# Prompt:
Begin at the first line of the records below and, please, give each line again exactly until the line with "P 0 0 = f \<and>" is included.

# Input material:
(* Let $u,v:\mathbb{R}/2\pi\mathbb{Z}\times[0,1]\to\mathbb{R}^3$ and $w:\mathbb{R}/2\pi\mathbb{Z}\times[0,1]\to\mathbb{R}$ be smooth functions, $2\pi$-periodic in $t$, and let $a,\beta,\alpha:[0,1]\to\mathbb{R}$. Suppose that for all $(t,\Omega)$ \[ \begin{aligned} \partial_tv&=-\beta e_1+\Omega^2\bar Iu+2\Omega\bar Jv-w^3(u-Su)-Rw^3\,(u-S^2u),\\ \partial_tu&=v,\\ \partial_tw&=-\alpha-w^3\big\langle u-Su,\,L_a(v-Sv)\big\rangle, \end{aligned} \] and that for all $\Omega\in[0,1]$ \[ u_3(0,\Omega)=1,\qquad \frac1{2\pi}\int_0^{2\pi}u_1(t,\Omega)\,dt=0,\qquad \Big[w^2\big\langle u-Su,\,L_a(u-Su)\big\rangle\Big](0,\Omega)=1. \] Then $\alpha(\Omega)=0$ for all $\Omega\in[0,1]$.
   Context: $e_1=(1,0,0)$, $\bar I=\mathrm{diag}(1,1,0)$, $\bar J=\begin{pmatrix}0&-1&0\\1&0&0\\0&0&0\end{pmatrix}$, $L_a=\mathrm{diag}(1,1,a)$ (with $a=a(\Omega)$). $[S^j\phi](t,\Omega)=\phi(t+4\pi j/3,\Omega)$ and $[R\phi](t,\Omega)=\phi(-t,\Omega)$; $Rw^3$ denotes the function $(t,\Omega)\mapsto w(-t,\Omega)^3$. Products of a scalar function with a vector function are componentwise, e.g. $w^3(u-Su)=(w^3(u_1-Su_1),w^3(u_2-Su_2),w^3(u_3-Su_3))$; $\langle\cdot,\cdot\rangle$ is the Euclidean inner product in $\mathbb{R}^3$. *)

theory Defs
  imports "HOL-Analysis.Analysis"
begin

text \<open>P i j is the partial derivative
  of order i in t and order j in Omega.\<close>
definition smooth_strip :: "(real \<Rightarrow> real \<Rightarrow> 'a::real_normed_vector) \<Rightarrow> bool" where
  "smooth_strip f \<longleftrightarrow>
     (\<exists>P :: nat \<Rightarrow> nat \<Rightarrow> real \<Rightarrow> real \<Rightarrow> 'a.
        P 0 0 = f \<and>
        (\<forall>i j. continuous_on (UNIV \<times> {0..1}) (\<lambda>(t, \<Omega>). P i j t \<Omega>) \<and>
               (\<forall>t. \<forall>\<Omega>\<in>{0..1}.
                  ((\<lambda>s. P i j s \<Omega>) has_vector_derivative P (Suc i) j t \<Omega>) (at t) \<and>
                  ((\<lambda>s. P i j t s) has_vector_derivative P i (Suc j) t \<Omega>) (at \<Omega> within {0..1}))))"

definition periodic_t :: "(real \<Rightarrow> real \<Rightarrow> 'a) \<Rightarrow> bool" where
  "periodic_t f \<longleftrightarrow> (\<forall>t. \<forall>\<Omega>\<in>{0..1}. f (t + 2 * pi) \<Omega> = f t \<Omega>)"

definition e1 :: "real ^ 3" where
  "e1 = vector [1, 0, 0]"

definition Ibar :: "real ^ 3 ^ 3" where
  "Ibar = vector [vector [1, 0, 0], vector [0, 1, 0], vector [0, 0, 0]]"

definition Jbar :: "real ^ 3 ^ 3" where
  "Jbar = vector [vector [0, -1, 0], vector [1, 0, 0], vector [0, 0, 0]]"

definition La :: "real \<Rightarrow> real ^ 3 ^ 3" where
  "La a = vector [vector [1, 0, 0], vector [0, 1, 0], vector [0, 0, a]]"

definition Sh :: "nat \<Rightarrow> (real \<Rightarrow> real \<Rightarrow> 'a) \<Rightarrow> real \<Rightarrow> real \<Rightarrow> 'a" where
  "Sh j \<phi> t \<Omega> = \<phi> (t + 4 * pi * real j / 3) \<Omega>"

definition Rf :: "(real \<Rightarrow> real \<Rightarrow> 'a) \<Rightarrow> real \<Rightarrow> real \<Rightarrow> 'a" where
  "Rf \<phi> t \<Omega> = \<phi> (-t) \<Omega>"

end

theory Submission
  imports Defs
begin

text \<open>At a zero of \<open>w\<close> the \<open>w\<close>-equation reduces to \<open>\<partial>\<^sub>tw = -\<alpha>\<close>, so if \<open>\<alpha> \<noteq> 0\<close> every zero
  of \<open>w\<close> is crossed in the same direction, which a periodic function cannot do: \<open>w\<close> has
  no zeros. Then \<open>1/w\<^sup>2 - \<langle>u - Su, L\<^sub>a(u - Su)\<rangle>\<close> is periodic, while by \<open>\<partial>\<^sub>tu = v\<close> and the
  symmetry of \<open>L\<^sub>a\<close> its derivative is \<open>2\<alpha>/w\<^sup>3\<close>, which never vanishes.\<close>

lemma no_downcrossing_if_upcrossing_zeros:
  fixes f f' :: "real \<Rightarrow> real"
  assumes der: "\<And>t. (f has_real_derivative f' t) (at t)"
    and slope: "\<And>t. f t = 0 \<Longrightarrow> f' t = k" and "k > 0"
    and "a < b" and "f a > 0"
  shows "\<not> f b < 0"
proof
  assume "f b < 0"
  have cont: "continuous_on {a..b} f"
    using der by (meson DERIV_isCont continuous_at_imp_continuous_on)
  define Z where "Z = {t \<in> {a..b}. f t = 0}"
  have "\<exists>x. a \<le> x \<and> x \<le> b \<and> f x = 0"
    by (rule IVT2') (use \<open>f a > 0\<close> \<open>f b < 0\<close> \<open>a < b\<close> cont in auto)
  then have "Z \<noteq> {}" unfolding Z_def by auto
  have bdd: "bdd_below Z" unfolding Z_def by (rule bdd_belowI[of _ a]) auto
  have "closed Z" unfolding Z_def
    using continuous_closed_preimage_constant[OF cont, of 0]
    by (simp add: Collect_conj_eq Int_commute vimage_def)
  define t1 where "t1 = Inf Z"
  have "t1 \<in> Z" unfolding t1_def by (rule closed_contains_Inf) fact+
  then have t1: "a \<le> t1" "f t1 = 0" unfolding Z_def by auto
  with \<open>f a > 0\<close> have "a < t1" by (cases "a = t1") auto
  obtain d where "d > 0" and left_neg: "\<And>h. h > 0 \<Longrightarrow> h < d \<Longrightarrow> f (t1 - h) < 0"
    using DERIV_pos_inc_left[OF der[of t1]] slope[OF t1(2)] \<open>k > 0\<close> t1(2) by auto
  define h where "h = min (d/2) ((t1 - a)/2)"
  have h: "h > 0" "h < d" "a < t1 - h"
    using \<open>d > 0\<close> \<open>a < t1\<close> unfolding h_def by (auto simp: min_def field_simps)
  have "continuous_on {a..t1 - h} f"
    by (rule continuous_on_subset[OF cont]) (use \<open>t1 \<in> Z\<close> h in \<open>auto simp: Z_def\<close>)
  then obtain x where x: "a \<le> x" "x \<le> t1 - h" "f x = 0"
    using IVT2'[of f "t1 - h" 0 a] \<open>f a > 0\<close> left_neg[OF h(1,2)] h(3) by auto
  then have "x \<in> Z" using \<open>t1 \<in> Z\<close> h unfolding Z_def by auto
  then have "t1 \<le> x" unfolding t1_def by (rule cInf_lower[OF _ bdd])
  with x h show False by simp
qed

lemma no_periodic_zero_if_constant_slope_at_zeros:
  fixes f f' :: "real \<Rightarrow> real"
  assumes der: "\<And>t. (f has_real_derivative f' t) (at t)"
    and slope: "\<And>t. f t = 0 \<Longrightarrow> f' t = k" and "k > 0"
    and "T > 0" and "f t0 = 0"
  shows "f (t0 + T) \<noteq> 0"
proof
  assume "f (t0 + T) = 0"
  obtain d1 where "d1 > 0" and right_pos: "\<And>h. h > 0 \<Longrightarrow> h < d1 \<Longrightarrow> f (t0 + h) > 0"
    using DERIV_pos_inc_right[OF der[of t0]] slope[OF \<open>f t0 = 0\<close>] \<open>k > 0\<close> \<open>f t0 = 0\<close> by auto
  obtain d2 where "d2 > 0" and left_neg: "\<And>h. h > 0 \<Longrightarrow> h < d2 \<Longrightarrow> f (t0 + T - h) < 0"
    using DERIV_pos_inc_left[OF der[of "t0 + T"]] slope[OF \<open>f (t0 + T) = 0\<close>] \<open>k > 0\<close>
      \<open>f (t0 + T) = 0\<close> by auto
  define h where "h = min (T/3) (min (d1/2) (d2/2))"
  have h: "h > 0" "h < d1" "h < d2" "t0 + h < t0 + T - h"
    using \<open>d1 > 0\<close> \<open>d2 > 0\<close> \<open>T > 0\<close> by (auto simp: h_def)
  show False
    using no_downcrossing_if_upcrossing_zeros[OF der slope \<open>k > 0\<close> h(4)]
      right_pos[OF h(1,2)] left_neg[OF h(1,3)] by blast
qed

lemma no_periodic_zero_if_nonzero_constant_slope_at_zeros:
  fixes f f' :: "real \<Rightarrow> real"
  assumes der: "\<And>t. (f has_real_derivative f' t) (at t)"
    and slope: "\<And>t. f t = 0 \<Longrightarrow> f' t = k" and "k \<noteq> 0"
    and "T > 0" and "f t0 = 0"
  shows "f (t0 + T) \<noteq> 0"
proof (cases "k > 0")
  case True
  then show ?thesis
    using no_periodic_zero_if_constant_slope_at_zeros[OF der slope] \<open>T > 0\<close> \<open>f t0 = 0\<close> by blast
next
  case False
  have "(- f) (t0 + T) \<noteq> 0"
    by (rule no_periodic_zero_if_constant_slope_at_zeros[of _ "\<lambda>t. - f' t" "- k"])
      (use der slope False \<open>k \<noteq> 0\<close> \<open>T > 0\<close> \<open>f t0 = 0\<close> in \<open>auto intro: derivative_eq_intros\<close>)
  then show ?thesis by simp
qed

lemma periodic_forcing_vanishes:
  fixes w q c :: "real \<Rightarrow> real"
  assumes "T > 0"
    and w_periodic: "\<And>t. w (t + T) = w t" and q_periodic: "q T = q 0"
    and w_deriv: "\<And>t. (w has_real_derivative - \<alpha> - w t ^ 3 * c t) (at t)"
    and q_deriv: "\<And>t. (q has_real_derivative 2 * c t) (at t)"
  shows "\<alpha> = 0"
proof (rule ccontr)
  assume "\<alpha> \<noteq> 0"
  have w_nonzero: "w t \<noteq> 0" for t
  proof
    assume "w t = 0"
    have "w (t + T) \<noteq> 0"
      by (rule no_periodic_zero_if_nonzero_constant_slope_at_zeros[OF w_deriv, of "- \<alpha>"])
        (use \<open>\<alpha> \<noteq> 0\<close> \<open>T > 0\<close> \<open>w t = 0\<close> in auto)
    with \<open>w t = 0\<close> w_periodic show False by simp
  qed
  define g where "g t = 1 / w t ^ 2 - q t" for t
  have g_deriv: "(g has_real_derivative 2 * \<alpha> / w t ^ 3) (at t)" for t
    unfolding g_def
    by (rule derivative_eq_intros w_deriv q_deriv refl | simp add: w_nonzero)+
      (simp add: w_nonzero field_simps power_numeral_reduce)
  have "g T = g 0"
    using w_periodic[of 0] q_periodic by (simp add: g_def)
  moreover obtain z where "g T - g 0 = (T - 0) * (2 * \<alpha> / w z ^ 3)"
    using MVT2[of 0 T g "\<lambda>t. 2 * \<alpha> / w t ^ 3"] g_deriv \<open>T > 0\<close> by auto
  ultimately show False
    using \<open>T > 0\<close> \<open>\<alpha> \<noteq> 0\<close> w_nonzero[of z] by simp
qed

lemma inner_symmetric_matrix_commute:
  fixes M :: "real ^ 'n ^ 'n"
  assumes "transpose M = M"
  shows "y \<bullet> (M *v x) = x \<bullet> (M *v y)"
  by (metis assms dot_lmul_matrix inner_commute transpose_matrix_vector)

lemma has_real_derivative_quadratic_form:
  fixes M :: "real ^ 'n ^ 'n"
  assumes "transpose M = M" and "(f has_vector_derivative f') (at t)"
  shows "((\<lambda>s. f s \<bullet> (M *v f s)) has_real_derivative 2 * (f t \<bullet> (M *v f'))) (at t)"
proof -
  have "((\<lambda>s. M *v f s) has_vector_derivative M *v f') (at t)"
    by (rule bounded_linear.has_vector_derivative[OF matrix_vector_mul_bounded_linear assms(2)])
  from has_derivative_inner[OF assms(2)[unfolded has_vector_derivative_def]
      this[unfolded has_vector_derivative_def]]
  show ?thesis
    unfolding has_real_derivative_iff_has_vector_derivative has_vector_derivative_def
    by (simp add: inner_symmetric_matrix_commute[OF assms(1)] algebra_simps)
qed

lemma transpose_La: "transpose (La c) = La c"
  by (simp add: La_def transpose_def vec_eq_iff forall_3)

lemma Sh_has_vector_derivative:
  assumes "\<And>t. ((\<lambda>s. \<phi> s \<Omega>) has_vector_derivative \<phi>' t \<Omega>) (at t)"
  shows "((\<lambda>s. Sh j \<phi> s \<Omega>) has_vector_derivative Sh j \<phi>' t \<Omega>) (at t)"
proof -
  have "((\<lambda>s. s + 4 * pi * real j / 3) has_vector_derivative 1) (at t)"
    by (auto intro!: derivative_eq_intros)
  from vector_diff_chain_at[OF this assms]
  show ?thesis by (simp add: Sh_def o_def)
qed

lemma periodic_t_Sh:
  assumes "periodic_t \<phi>" and "\<Omega> \<in> {0..1}"
  shows "Sh j \<phi> (t + 2 * pi) \<Omega> = Sh j \<phi> t \<Omega>"
  using assms unfolding periodic_t_def Sh_def by (metis add.commute add.left_commute)

theorem lemma2p4:
  fixes u v :: "real \<Rightarrow> real \<Rightarrow> real ^ 3"
    and w :: "real \<Rightarrow> real \<Rightarrow> real"
    and a \<beta> \<alpha> :: "real \<Rightarrow> real"
  assumes smooth_u: "smooth_strip u" and smooth_v: "smooth_strip v" and smooth_w: "smooth_strip w"
    and per_u: "periodic_t u" and per_v: "periodic_t v" and per_w: "periodic_t w"
    and eq_v: "\<And>t \<Omega>. \<Omega> \<in> {0..1} \<Longrightarrow>
      ((\<lambda>s. v s \<Omega>) has_vector_derivative
         (- \<beta> \<Omega>) *\<^sub>R e1 + \<Omega>\<^sup>2 *\<^sub>R (Ibar *v u t \<Omega>) + (2 * \<Omega>) *\<^sub>R (Jbar *v v t \<Omega>)
         - (w t \<Omega> ^ 3) *\<^sub>R (u t \<Omega> - Sh 1 u t \<Omega>)
         - (Rf w t \<Omega> ^ 3) *\<^sub>R (u t \<Omega> - Sh 2 u t \<Omega>)) (at t)"
    and eq_u: "\<And>t \<Omega>. \<Omega> \<in> {0..1} \<Longrightarrow>
      ((\<lambda>s. u s \<Omega>) has_vector_derivative v t \<Omega>) (at t)"
    and eq_w: "\<And>t \<Omega>. \<Omega> \<in> {0..1} \<Longrightarrow>
      ((\<lambda>s. w s \<Omega>) has_real_derivative
         - \<alpha> \<Omega> - w t \<Omega> ^ 3 * ((u t \<Omega> - Sh 1 u t \<Omega>) \<bullet> (La (a \<Omega>) *v (v t \<Omega> - Sh 1 v t \<Omega>)))) (at t)"
    and norm_u3: "\<And>\<Omega>. \<Omega> \<in> {0..1} \<Longrightarrow> u 0 \<Omega> $ 3 = 1"
    and mean_u1: "\<And>\<Omega>. \<Omega> \<in> {0..1} \<Longrightarrow> (1 / (2 * pi)) * integral {0..2 * pi} (\<lambda>t. u t \<Omega> $ 1) = 0"
    and norm_w: "\<And>\<Omega>. \<Omega> \<in> {0..1} \<Longrightarrow>
      w 0 \<Omega> ^ 2 * ((u 0 \<Omega> - Sh 1 u 0 \<Omega>) \<bullet> (La (a \<Omega>) *v (u 0 \<Omega> - Sh 1 u 0 \<Omega>))) = 1"
  shows "\<forall>\<Omega>\<in>{0..1}. \<alpha> \<Omega> = 0"
proof
  fix \<Omega> :: real
  assume \<Omega>: "\<Omega> \<in> {0..1}"
  define d where "d t = u t \<Omega> - Sh 1 u t \<Omega>" for t
  define q where "q t = d t \<bullet> (La (a \<Omega>) *v d t)" for t
  have "(d has_vector_derivative v t \<Omega> - Sh 1 v t \<Omega>) (at t)" for t
    unfolding d_def
    by (intro has_vector_derivative_diff eq_u[OF \<Omega>] Sh_has_vector_derivative)
  then have q_deriv: "(q has_real_derivative
      2 * (d t \<bullet> (La (a \<Omega>) *v (v t \<Omega> - Sh 1 v t \<Omega>)))) (at t)" for t
    unfolding q_def by (rule has_real_derivative_quadratic_form[OF transpose_La])
  have w_periodic: "w (t + 2 * pi) \<Omega> = w t \<Omega>" for t
    using per_w \<Omega> unfolding periodic_t_def by blast
  have "d (t + 2 * pi) = d t" for t
    using per_u \<Omega> periodic_t_Sh[OF per_u \<Omega>] unfolding d_def periodic_t_def by simp
  then have "q (2 * pi) = q 0"
    unfolding q_def by (metis add_0)
  from periodic_forcing_vanishes[OF _ w_periodic this eq_w[OF \<Omega>, folded d_def] q_deriv]
  show "\<alpha> \<Omega> = 0" by simp
qed

end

# Output below:
(* Let $u,v:\mathbb{R}/2\pi\mathbb{Z}\times[0,1]\to\mathbb{R}^3$ and $w:\mathbb{R}/2\pi\mathbb{Z}\times[0,1]\to\mathbb{R}$ be smooth functions, $2\pi$-periodic in $t$, and let $a,\beta,\alpha:[0,1]\to\mathbb{R}$. Suppose that for all $(t,\Omega)$ \[ \begin{aligned} \partial_tv&=-\beta e_1+\Omega^2\bar Iu+2\Omega\bar Jv-w^3(u-Su)-Rw^3\,(u-S^2u),\\ \partial_tu&=v,\\ \partial_tw&=-\alpha-w^3\big\langle u-Su,\,L_a(v-Sv)\big\rangle, \end{aligned} \] and that for all $\Omega\in[0,1]$ \[ u_3(0,\Omega)=1,\qquad \frac1{2\pi}\int_0^{2\pi}u_1(t,\Omega)\,dt=0,\qquad \Big[w^2\big\langle u-Su,\,L_a(u-Su)\big\rangle\Big](0,\Omega)=1. \] Then $\alpha(\Omega)=0$ for all $\Omega\in[0,1]$.
   Context: $e_1=(1,0,0)$, $\bar I=\mathrm{diag}(1,1,0)$, $\bar J=\begin{pmatrix}0&-1&0\\1&0&0\\0&0&0\end{pmatrix}$, $L_a=\mathrm{diag}(1,1,a)$ (with $a=a(\Omega)$). $[S^j\phi](t,\Omega)=\phi(t+4\pi j/3,\Omega)$ and $[R\phi](t,\Omega)=\phi(-t,\Omega)$; $Rw^3$ denotes the function $(t,\Omega)\mapsto w(-t,\Omega)^3$. Products of a scalar function with a vector function are componentwise, e.g. $w^3(u-Su)=(w^3(u_1-Su_1),w^3(u_2-Su_2),w^3(u_3-Su_3))$; $\langle\cdot,\cdot\rangle$ is the Euclidean inner product in $\mathbb{R}^3$. *)

theory Defs
  imports "HOL-Analysis.Analysis"
begin

text \<open>P i j is the partial derivative
  of order i in t and order j in Omega.\<close>
definition smooth_strip :: "(real \<Rightarrow> real \<Rightarrow> 'a::real_normed_vector) \<Rightarrow> bool" where
  "smooth_strip f \<longleftrightarrow>
     (\<exists>P :: nat \<Rightarrow> nat \<Rightarrow> real \<Rightarrow> real \<Rightarrow> 'a.
        P 0 0 = f \<and>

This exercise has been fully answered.